Samuel memastikan seluruh masyarakat terdampak gempa di Kabupaten Sigi akan mendapatkan bantuan tenda sesuai arahan Badan Nasional Penanggulangan Bencana (BNPB).

"Pemerintah memastikan seluruh warga terdampak akan menerima bantuan tenda," ujarnya.

Ia menambahkan distribusi tenda dilakukan secara bertahap karena proses pengiriman membutuhkan waktu dan jarak distribusi yang cukup jauh.

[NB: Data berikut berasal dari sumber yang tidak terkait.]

lemma exists_large_inner_axis_minus_ones:
  fixes u :: "real^'n"
  assumes "0 \<le> \<delta>" and "\<delta> * real CARD('n) < 1" and "norm u = 1"
  shows "\<exists>j. (1 - \<delta> * real CARD('n)) / sqrt (real CARD('n)) \<le> \<bar>(axis j 1 - \<delta> *\<^sub>R 1) \<bullet> u\<bar>"
proof (rule ccontr)
  define n where "n = real CARD('n)"
  define m where "m = (1 - \<delta> * n) / sqrt n"
  define S where "S = (\<Sum>i\<in>UNIV. u $ i)"
  define v where "v j = (axis j 1 - \<delta> *\<^sub>R 1) \<bullet> u" for j
  have v: "v j = u $ j - \<delta> * S" for j
    by (simp add: v_def S_def inner_axis_minus_ones)
  have "n > 0" and "1 - \<delta> * n > 0"
    using assms by (simp_all add: n_def)
  assume "\<not> ?thesis"
  then have small: "\<bar>v j\<bar> < m" for j
    by (simp add: v_def m_def n_def not_le)
  have "(\<Sum>j\<in>UNIV. v j) = S * (1 - \<delta> * n)"
    by (simp add: v sum_subtractf S_def n_def algebra_simps)
  then have "\<bar>S\<bar> * (1 - \<delta> * n) = \<bar>\<Sum>j\<in>UNIV. v j\<bar>"
    using \<open>1 - \<delta> * n > 0\<close> by (simp add: abs_mult)
  also have "\<dots> \<le> (\<Sum>j\<in>UNIV. \<bar>v j\<bar>)"
    by (rule sum_abs)
  also have "\<dots> \<le> n * m"
    using sum_bounded_above[of UNIV "\<lambda>j. \<bar>v j\<bar>" m] small by (simp add: n_def less_imp_le)
  finally have S_bound: "\<bar>S\<bar> * (1 - \<delta> * n) \<le> n * m" .
  have "\<bar>u $ j\<bar> < 1 / sqrt n" for j
  proof -
    have "\<bar>u $ j\<bar> \<le> \<bar>v j\<bar> + \<delta> * \<bar>S\<bar>"
      using abs_triangle_ineq[of "v j" "\<delta> * S"] \<open>0 \<le> \<delta>\<close> by (simp add: v abs_mult)
    then have "\<bar>u $ j\<bar> < m + \<delta> * \<bar>S\<bar>"
      using small[of j] by linarith
    then have "(1 - \<delta> * n) * \<bar>u $ j\<bar> < (1 - \<delta> * n) * (m + \<delta> * \<bar>S\<bar>)"
      using \<open>1 - \<delta> * n > 0\<close> by (rule mult_strict_left_mono)
    also have "\<dots> = (1 - \<delta> * n) * m + \<delta> * (\<bar>S\<bar> * (1 - \<delta> * n))"
      by (simp add: algebra_simps)
    also have "\<dots> \<le> (1 - \<delta> * n) * m + \<delta> * (n * m)"
      using S_bound \<open>0 \<le> \<delta>\<close> by (intro add_left_mono mult_left_mono)
    also have "\<dots> = m"
      by (simp add: algebra_simps)
    also have "\<dots> = (1 - \<delta> * n) * (1 / sqrt n)"
      by (simp add: m_def)
    finally show ?thesis
      using mult_less_cancel_left_pos[OF \<open>1 - \<delta> * n > 0\<close>] by blast
  qed
  then have "\<bar>u $ j\<bar>\<^sup>2 < (1 / sqrt n)\<^sup>2" for j
    by (intro power_strict_mono) auto
  then have "(u $ j)\<^sup>2 < 1 / n" for j
    using \<open>n > 0\<close> by (simp add: power_divide)
  then have "(\<Sum>j\<in>UNIV. (u $ j)\<^sup>2) < (\<Sum>j\<in>(UNIV :: 'n set). 1 / n)"
    by (intro sum_strict_mono) auto
  also have "\<dots> = 1"
    using \<open>n > 0\<close> by (simp add: n_def)
  finally show False
    using \<open>norm u = 1\<close> by (simp add: norm_eq_sqrt_inner inner_vec_def power2_eq_square)
qed

lemma inner_axis_minus_ones_diagonal:
  "(axis j 1 - \<delta> *\<^sub>R 1) \<bullet> ((1 / sqrt (real CARD('n))) *\<^sub>R 1 :: real^'n)
    = (1 - \<delta> * real CARD('n)) / sqrt (real CARD('n))"
proof -
  have "(axis j 1 - \<delta> *\<^sub>R 1) \<bullet> (1 :: real^'n) = 1 - \<delta> * real CARD('n)"
    unfolding inner_commute[of "axis j 1 - \<delta> *\<^sub>R 1" 1] inner_ones sum_axis_minus_ones ..
  then show ?thesis
    by simp
qed

lemma norm_ones: "norm (1 :: real^'n) = sqrt (real CARD('n))"
  by (simp add: norm_eq_sqrt_inner inner_ones)

lemma positive_basis_plus_minus_axis_minus_ones:
  assumes "\<delta> * real CARD('n) \<noteq> 1" and "\<alpha> \<noteq> 0"
  shows "positive_basis (plus_minus (\<lambda>j. \<alpha> *\<^sub>R (axis j 1 - \<delta> *\<^sub>R 1 :: real^'n)) UNIV)"
proof (rule positive_basis_plus_minus_biorthogonal)
  define \<kappa> where "\<kappa> = \<delta> / (1 - \<delta> * real CARD('n))"
  let ?w = "\<lambda>k. (1 / \<alpha>) *\<^sub>R (axis k 1 + \<kappa> *\<^sub>R 1 :: real^'n)"
  show "x = (\<Sum>j\<in>UNIV. (?w j \<bullet> x) *\<^sub>R (\<alpha> *\<^sub>R (axis j 1 - \<delta> *\<^sub>R 1)))" for x
    using axis_minus_ones_expansion[OF assms(1), of x] \<open>\<alpha> \<noteq> 0\<close> by (simp add: \<kappa>_def)
  show "(\<alpha> *\<^sub>R (axis j 1 - \<delta> *\<^sub>R 1)) \<bullet> ?w k = (if j = k then 1 else 0)" for j k
    using axis_minus_ones_biorthogonal[OF assms(1), of j k] \<open>\<alpha> \<noteq> 0\<close> by (simp add: \<kappa>_def)
qed simp

lemma cosine_measure_plus_minus_axis_minus_ones:
  assumes "0 \<le> \<delta>" and "\<delta> * real CARD('n) < 1" and "\<alpha> > 0"
  shows "cosine_measure (plus_minus (\<lambda>j. \<alpha> *\<^sub>R (axis j 1 - \<delta> *\<^sub>R 1 :: real^'n)) UNIV)
    = (1 - \<delta> * real CARD('n)) / sqrt (real CARD('n) * (\<delta>\<^sup>2 * real CARD('n) - 2 * \<delta> + 1))"
proof -
  define n where "n = real CARD('n)"
  define D where "D = \<delta>\<^sup>2 * n - 2 * \<delta> + 1"
  define m where "m = (1 - \<delta> * n) / sqrt n"
  define b where "b j = (axis j 1 - \<delta> *\<^sub>R 1 :: real^'n)" for j
  define u\<^sub>0 where "u\<^sub>0 = (1 / sqrt n) *\<^sub>R (1 :: real^'n)"
  have "D > 0" and "m \<ge> 0"
    using axis_minus_ones_norm_sq_pos[OF assms(1,2)] assms(2) by (simp_all add: D_def m_def n_def)
  have norm_b: "norm (b j) = sqrt D" for j
    by (simp add: b_def D_def n_def norm_axis_minus_ones)
  have cosine: "(\<alpha> *\<^sub>R b j) \<bullet> u / norm (\<alpha> *\<^sub>R b j) = (b j \<bullet> u) / sqrt D"
    "(- (\<alpha> *\<^sub>R b j)) \<bullet> u / norm (- (\<alpha> *\<^sub>R b j)) = - (b j \<bullet> u) / sqrt D" for j u
    using \<open>\<alpha> > 0\<close> by (simp_all add: norm_b)
  have "cosine_measure (plus_minus (\<lambda>j. \<alpha> *\<^sub>R b j) UNIV) = m / sqrt D"
  proof (rule cosine_measure_eqI)
    show "\<exists>d\<in>plus_minus (\<lambda>j. \<alpha> *\<^sub>R b j) UNIV. m / sqrt D \<le> d \<bullet> u / norm d"
      if unit: "norm u = 1" for u
    proof -
      obtain j where "m \<le> \<bar>b j \<bullet> u\<bar>"
        using exists_large_inner_axis_minus_ones[OF assms(1,2) unit] by (auto simp: b_def m_def n_def)
      then have "m / sqrt D \<le> \<bar>b j \<bullet> u\<bar> / sqrt D"
        using \<open>D > 0\<close> by (simp add: divide_right_mono)
      then have "m / sqrt D \<le> (b j \<bullet> u) / sqrt D \<or> m / sqrt D \<le> - (b j \<bullet> u) / sqrt D"
        by (cases "b j \<bullet> u \<ge> 0") auto
      moreover have "\<alpha> *\<^sub>R b j \<in> plus_minus (\<lambda>j. \<alpha> *\<^sub>R b j) UNIV"
        and "- (\<alpha> *\<^sub>R b j) \<in> plus_minus (\<lambda>j. \<alpha> *\<^sub>R b j) UNIV"
        by (auto simp: plus_minus_def)
      ultimately show ?thesis
        by (metis cosine)
    qed
    have "b j \<bullet> u\<^sub>0 = m" for j
      unfolding b_def m_def n_def u\<^sub>0_def by (rule inner_axis_minus_ones_diagonal)
    moreover have "- (m / sqrt D) \<le> m / sqrt D"
      using \<open>m \<ge> 0\<close> \<open>D > 0\<close> by simp
    ultimately show "d \<bullet> u\<^sub>0 / norm d \<le> m / sqrt D"
      if "d \<in> plus_minus (\<lambda>j. \<alpha> *\<^sub>R b j) UNIV" for d
      using that \<open>\<alpha> > 0\<close> by (auto simp: plus_minus_def norm_b)
  qed (simp_all add: finite_plus_minus u\<^sub>0_def n_def norm_ones)
  then show ?thesis
    by (simp add: b_def m_def D_def n_def real_sqrt_mult)
qed

theorem theorem15:
  fixes \<delta> :: real
  assumes "CARD('n::finite) \<ge> 2"
    and "0 \<le> \<delta>" and "\<delta> < 1 / real CARD('n)"
  shows "let n = real CARD('n);
             B = (mat 1 - \<delta> *\<^sub>R ones_mat) :: real^'n^'n;
             \<alpha> = 1 / sqrt (\<delta>^2 * n - 2 * \<delta> + 1);
             P = (\<lambda>j. \<alpha> *\<^sub>R column j B) ` UNIV \<union> (\<lambda>j. - (\<alpha> *\<^sub>R column j B)) ` UNIV
         in positive_basis P \<and>
            cosine_measure P = (1 - \<delta> * n) / sqrt (n * (\<delta>^2 * n - 2 * \<delta> + 1))"
proof -
  define \<alpha> where "\<alpha> = 1 / sqrt (\<delta>\<^sup>2 * real CARD('n) - 2 * \<delta> + 1)"
  have \<delta>n_less_1: "\<delta> * real CARD('n) < 1"
    using assms(3) by (simp add: field_simps)
  have "\<alpha> > 0"
    using axis_minus_ones_norm_sq_pos[OF assms(2) \<delta>n_less_1] by (simp add: \<alpha>_def)
  have "positive_basis (plus_minus (\<lambda>j. \<alpha> *\<^sub>R (axis j 1 - \<delta> *\<^sub>R 1 :: real^'n)) UNIV)"
    using \<delta>n_less_1 \<open>\<alpha> > 0\<close> by (intro positive_basis_plus_minus_axis_minus_ones) auto
  moreover note cosine_measure_plus_minus_axis_minus_ones[OF assms(2) \<delta>n_less_1 \<open>\<alpha> > 0\<close>]
  ultimately show ?thesis
    unfolding Let_def column_identity_minus_ones \<alpha>_def[symmetric] by (simp add: plus_minus_def)
qed

end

Pemerintah daerah juga meminta masyarakat bersabar menunggu proses penyaluran bantuan yang masih berlangsung.

Hunian Sementara Disiapkan untuk Korban Gempa

Pemerintah daerah akan melakukan analisis setelah masa tanggap darurat berakhir untuk menentukan langkah penanganan terbaik bagi masyarakat terdampak.

Hasil analisis tersebut akan menjadi dasar penentuan kebutuhan hunian sementara bagi warga yang kehilangan tempat tinggal.

Hunian sementara direncanakan digunakan maksimal selama dua tahun.

Setelah masa penggunaan hunian sementara berakhir, warga akan dipindahkan ke hunian tetap.

Berdasarkan data BPBD Sigi, jumlah rumah yang mengalami kerusakan akibat gempa mencapai 2.319 unit.

Sebanyak 1.966 rumah mengalami rusak ringan.

Sebanyak 219 rumah mengalami rusak sedang.

Sebanyak 134 rumah mengalami rusak berat.

Total korban dan warga terdampak gempa tercatat sebanyak 8.586 jiwa yang berasal dari 2.762 kepala keluarga.

Korban luka berat tercatat sebanyak 17 orang.

Korban luka ringan tercatat sebanyak 108 orang.

Terdapat tiga warga yang meninggal dunia akibat bencana tersebut.

Wilayah terdampak gempa tersebar di 42 desa yang berada di sembilan kecamatan.

Sembilan kecamatan terdampak meliputi Kecamatan Sigi Kota, Palolo, Nokilalaki, Tanambulava, Lindu, Dolo, Sigi Biromaru, Dolo Selatan, dan Gumbasa.

BMKG melaporkan gempa bumi tektonik berkekuatan magnitudo 6,7 mengguncang wilayah Sigi, Parigi Moutong, Donggala, dan Kota Palu pada Selasa, 16 Juni 2026, pukul 10.27 WIB.